Weight loss, A,B,C

Many people asked me to give advice on how to lose weight. I told them that there is no secret, how our body gain and lose weight can be expressed in a simple formula of:

A – B = C!
A = Absorption 
B = Burn
C = Cumulate

So, in a nutshell, how much you cumulate as body weight is basically the balance of how much you absorb from the food you eat and how much your body burn.

Absorption (A)

Let’s look at the first variable A, the absorption. To understand this, we need a little bit of knowledge on nutrition. Basically, there are 6 types of essential nutrients that the body needs: carbohydrates, proteins, fats, vitamins, minerals, and water. Of these, carbohydrates, proteins, fats are considered macronutrients, these they are the major components of nutrients that we absorb from our food besides water.

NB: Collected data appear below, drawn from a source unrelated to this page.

lemma countable_dense_open_family_dense_coordinates:
  assumes "metrizable_space X" and "separable_space X"
  defines "P \<equiv> product_topology (\<lambda>_::nat. X) UNIV"
  obtains \<D> where "countable \<D>"
    and "\<And>D. D \<in> \<D> \<Longrightarrow> openin P D \<and> P closure_of D = topspace P"
    and "\<And>y. y \<in> topspace P \<Longrightarrow> y \<in> \<Inter>\<D> \<Longrightarrow> X closure_of range y = topspace X"
proof -
  obtain MX dX where "Metric_space MX dX" and X: "X = Metric_space.mtopology MX dX"
    using assms(1) unfolding metrizable_space_def by blast
  interpret X: Metric_space MX dX
    by fact
  obtain C where C: "countable C" "C \<subseteq> MX" "X.mtopology closure_of C = MX"
    using assms(2) unfolding separable_space_def X by auto
  define D where "D = (\<lambda>(c, q). {y \<in> topspace P. \<exists>i. y i \<in> X.mball c (inverse (real (Suc q)))})"
  have "openin P (D cq) \<and> P closure_of D cq = topspace P" if "cq \<in> C \<times> UNIV" for cq
  proof -
    obtain c q where cq: "cq = (c, q)" "c \<in> MX"
      using \<open>cq \<in> C \<times> UNIV\<close> C(2) by auto
    define B where "B = X.mball c (inverse (real (Suc q)))"
    have "openin X B" "c \<in> B"
      using cq(2) unfolding B_def X by auto
    then have "openin P {y \<in> topspace P. \<exists>i. y i \<in> B} \<and>
        P closure_of {y \<in> topspace P. \<exists>i. y i \<in> B} = topspace P"
      using openin_dense_exists_coordinate_in[OF infinite_UNIV_nat, of X B] unfolding P_def by blast
    then show ?thesis
      unfolding D_def cq(1) B_def by simp
  qed
  moreover have "X closure_of range y = topspace X"
    if "y \<in> topspace P" "y \<in> \<Inter>(D ` (C \<times> UNIV))" for y
  proof -
    have "range y \<subseteq> MX"
      using that(1) unfolding P_def X by auto
    moreover have "range y \<inter> X.mball c (inverse (real (Suc q))) \<noteq> {}" if "c \<in> C" for c q
    proof -
      have "y \<in> D (c, q)"
        using \<open>y \<in> \<Inter>(D ` (C \<times> UNIV))\<close> that by blast
      then show ?thesis
        unfolding D_def by blast
    qed
    ultimately show ?thesis
      using X.dense_if_meets_small_balls[OF C(3)] unfolding X by simp
  qed
  ultimately show ?thesis
    using that[of "D ` (C \<times> UNIV)"] C(1) by blast
qed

Carbohydrates and fats primarily furbish the body with energy and heat. Proteins are the building blocks of our body, and they are used mainly to build and repair body tissues. However, when the body reserve of carbohydrates and fats is low, proteins can also be used to provide energy.

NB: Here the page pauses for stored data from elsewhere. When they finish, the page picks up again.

text \<open>U is smaller than V in the convex transform (hazard-ratio) order:
  the ratio of hazard rates is increasing on the positive half-line.\<close>

definition c_less :: "(real \<Rightarrow> real) \<Rightarrow> (real \<Rightarrow> real) \<Rightarrow> bool" where
  "c_less SU SV \<longleftrightarrow>
     (\<forall>x y. 0 < x \<longrightarrow> x \<le> y \<longrightarrow> hazard SU x / hazard SV x \<le> hazard SU y / hazard SV y)"

definition lifetime_survival :: "(real \<Rightarrow> real) \<Rightarrow> bool" where
  "lifetime_survival S \<longleftrightarrow>
     (\<forall>x\<le>0. S x = 1) \<and> isCont S 0 \<and> (S \<longlongrightarrow> 0) at_top \<and>
     (\<forall>x>0. S differentiable (at x) \<and> deriv S x < 0)"

definition domination_function :: "(real \<Rightarrow> real) \<Rightarrow> bool" where
  "domination_function h \<longleftrightarrow>
     h ` {0..1} \<subseteq> {0..1} \<and> mono_on {0..1} h \<and> continuous_on {0..1} h \<and>
     h 0 = 0 \<and> h 1 = 1 \<and> (\<forall>p\<in>{0..1}. h differentiable (at p within {0..1}))"

definition surv_component_redundancy :: "(real \<Rightarrow> real) \<Rightarrow> nat \<Rightarrow> (real \<Rightarrow> real) \<Rightarrow> real \<Rightarrow> real" where
  "surv_component_redundancy h m F x = h (1 - (1 - F x) ^ (m + 1))"

definition surv_system_redundancy :: "(real \<Rightarrow> real) \<Rightarrow> nat \<Rightarrow> (real \<Rightarrow> real) \<Rightarrow> real \<Rightarrow> real" where
  "surv_system_redundancy h m F x = 1 - (1 - h (F x)) ^ (m + 1)"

When you eat and digest your food, your digestive system breaks down the foods in various stages. Carbohydrates in foods, including all the starches and sugar, are broken down into simpler sugar components (glucose, galactose, and fructose). Fats are broken down into triglycerides and fatty acids, whereas amino acids are the break down compounds of protein food. Absorption of these nutrients happens in the small intestines, where the nutrients cross over to the blood stream and being carried into the cells of the body. Not 100% of all we eat can be fully absorbed by our digestive system. There are always residual nutrients that escape absorption and being excreted as waste.

Cumulate (C) and Burn (B)

Carbohydrates are the preferred source of energy for our body. Once absorbed, the blood transports glucose from carbohydrates into our cells to burn as energy through a complex process that involved glycolysis and The Krebs Cycle. However, we can’t burn all glucose at once; therefore, the body will convert the glucose into glycogen for storage. 1/3 of the glycogen in our body is stored in the liver, whereas the other 2/3 is in our muscles. Glycogen is slowly converted back into glucose throughout the day to supply our body with energy and heat. The rate of conversion of glycogen to glucose depends on our energy expenses.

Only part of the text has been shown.